** Working data follows **

lemma basis_vec_in_par2_space: "is_par2 c \<Longrightarrow> basis_vec c \<in> par2_space"
  unfolding par2_space_def support_basis_vec by (auto simp: basis_vec_def)

lemma bracket_basis_in_par2_space:
  assumes "is_par2 c" "is_par2 d"
  shows "bracket_basis c d \<in> par2_space"
proof -
  obtain p q a b where "c = (p,q)" "d = (a,b)" "p \<ge> 1" "q \<ge> 1" "a \<ge> 1" "b \<ge> 1"
    using assms unfolding is_par2_def by (metis prod.collapse)
  then show ?thesis
    by (simp add: bracket_basis_eq)
      (intro par2_space_add par2_space_diff par2_space_of_nat_mult basis_vec_in_par2_space;
       simp add: is_par2_def)
qed

lemma lie_bracket_in_par2_space:
  assumes x: "x \<in> par2_space" and y: "y \<in> par2_space"
  shows "lie_bracket x y \<in> par2_space"
  unfolding lie_bracket_def
proof (intro par2_space_sum)
  fix c d assume "c \<in> {m. x m \<noteq> 0}" "d \<in> {m. y m \<noteq> 0}"
  then have "is_par2 c" "is_par2 d" using x y unfolding par2_space_def mem_Collect_eq by blast+
  then show "(\<lambda>m. x c * y d * bracket_basis c d m) \<in> par2_space"
    by (intro par2_space_smult bracket_basis_in_par2_space)
qed

lemma lie_generated_subset_par2_space:
  assumes "S \<subseteq> par2_space"
  shows "lie_generated S \<subseteq> par2_space"
proof
  fix x assume "x \<in> lie_generated S"
  then show "x \<in> par2_space"
    by (induction rule: lie_generated.induct)
      (use assms in \<open>blast intro: par2_space_zero par2_space_add par2_space_smult
        lie_bracket_in_par2_space\<close>)+
qed

lemma basis_expansion:
  assumes "finite {m. f m \<noteq> 0}"
  shows "(\<Sum>m | f m \<noteq> 0. (\<lambda>x. f m * basis_vec m x)) = f"
proof
  fix x
  have "(\<Sum>m | f m \<noteq> 0. (\<lambda>x. f m * basis_vec m x)) x = (\<Sum>m | f m \<noteq> 0. if m = x then f x else 0)"
    unfolding sum_fun_apply by (rule sum.cong) (auto simp: basis_vec_def)
  also have "\<dots> = f x" using assms by simp
  finally show "(\<Sum>m | f m \<noteq> 0. (\<lambda>x. f m * basis_vec m x)) x = f x" .
qed

lemma lie_generated_sum:
  "(\<And>a. a \<in> A \<Longrightarrow> g a \<in> lie_generated S) \<Longrightarrow> sum g A \<in> lie_generated S"
  by (induction A rule: infinite_finite_induct) (auto intro: gen_zero gen_add)

lemma lie_generated_diff:
  assumes "x \<in> lie_generated S" "y \<in> lie_generated S"
  shows "x - y \<in> lie_generated S"
proof -
  have "x + (\<lambda>m. -1 * y m) \<in> lie_generated S"
    using assms by (intro gen_add gen_smult)
  moreover have "x + (\<lambda>m. -1 * y m) = x - y" by (simp add: fun_eq_iff)
  ultimately show ?thesis by simp
qed

lemma lie_generated_of_nat_mult:
  "x \<in> lie_generated S \<Longrightarrow> of_nat k * x \<in> lie_generated S"
  using gen_smult[of x S "of_nat k"] by (simp add: times_fun_def)

lemma lie_generated_of_nat_mult_cancel:
  assumes "of_nat k * x \<in> lie_generated S" "k > 0"
  shows "x \<in> lie_generated S"
  using gen_smult[OF assms(1), of "1 / of_nat k"] assms(2) by (simp add: times_fun_def)

lemma bracket_basis_in_lie_generated:
  "basis_vec c \<in> lie_generated S \<Longrightarrow> basis_vec d \<in> lie_generated S
    \<Longrightarrow> bracket_basis c d \<in> lie_generated S"
  using gen_bracket[of "basis_vec c" S "basis_vec d"] by (simp add: lie_bracket_basis_vec)

lemma par2_space_subset_lie_generated:
  assumes "\<And>m. is_par2 m \<Longrightarrow> basis_vec m \<in> lie_generated S"
  shows "par2_space \<subseteq> lie_generated S"
proof
  fix f assume f: "f \<in> par2_space"
  then have "(\<Sum>m | f m \<noteq> 0. (\<lambda>x. f m * basis_vec m x)) \<in> lie_generated S"
    by (intro lie_generated_sum gen_smult assms) (auto simp: par2_space_def)
  with f show "f \<in> lie_generated S"
    by (simp add: basis_expansion par2_space_def)
qed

** End of Working data **

* Instructions to follow:
Set down the lines above as they stand, starting with the first line and ending with the line that contains "fix c d assume".

* Written answer:
lemma basis_vec_in_par2_space: "is_par2 c \<Longrightarrow> basis_vec c \<in> par2_space"
  unfolding par2_space_def support_basis_vec by (auto simp: basis_vec_def)

lemma bracket_basis_in_par2_space:
  assumes "is_par2 c" "is_par2 d"
  shows "bracket_basis c d \<in> par2_space"
proof -
  obtain p q a b where "c = (p,q)" "d = (a,b)" "p \<ge> 1" "q \<ge> 1" "a \<ge> 1" "b \<ge> 1"
    using assms unfolding is_par2_def by (metis prod.collapse)
  then show ?thesis
    by (simp add: bracket_basis_eq)
      (intro par2_space_add par2_space_diff par2_space_of_nat_mult basis_vec_in_par2_space;
       simp add: is_par2_def)
qed

lemma lie_bracket_in_par2_space:
  assumes x: "x \<in> par2_space" and y: "y \<in> par2_space"
  shows "lie_bracket x y \<in> par2_space"
  unfolding lie_bracket_def
proof (intro par2_space_sum)
  fix c d assume "c \<in> {m. x m \<noteq> 0}" "d \<in> {m. y m \<noteq> 0}"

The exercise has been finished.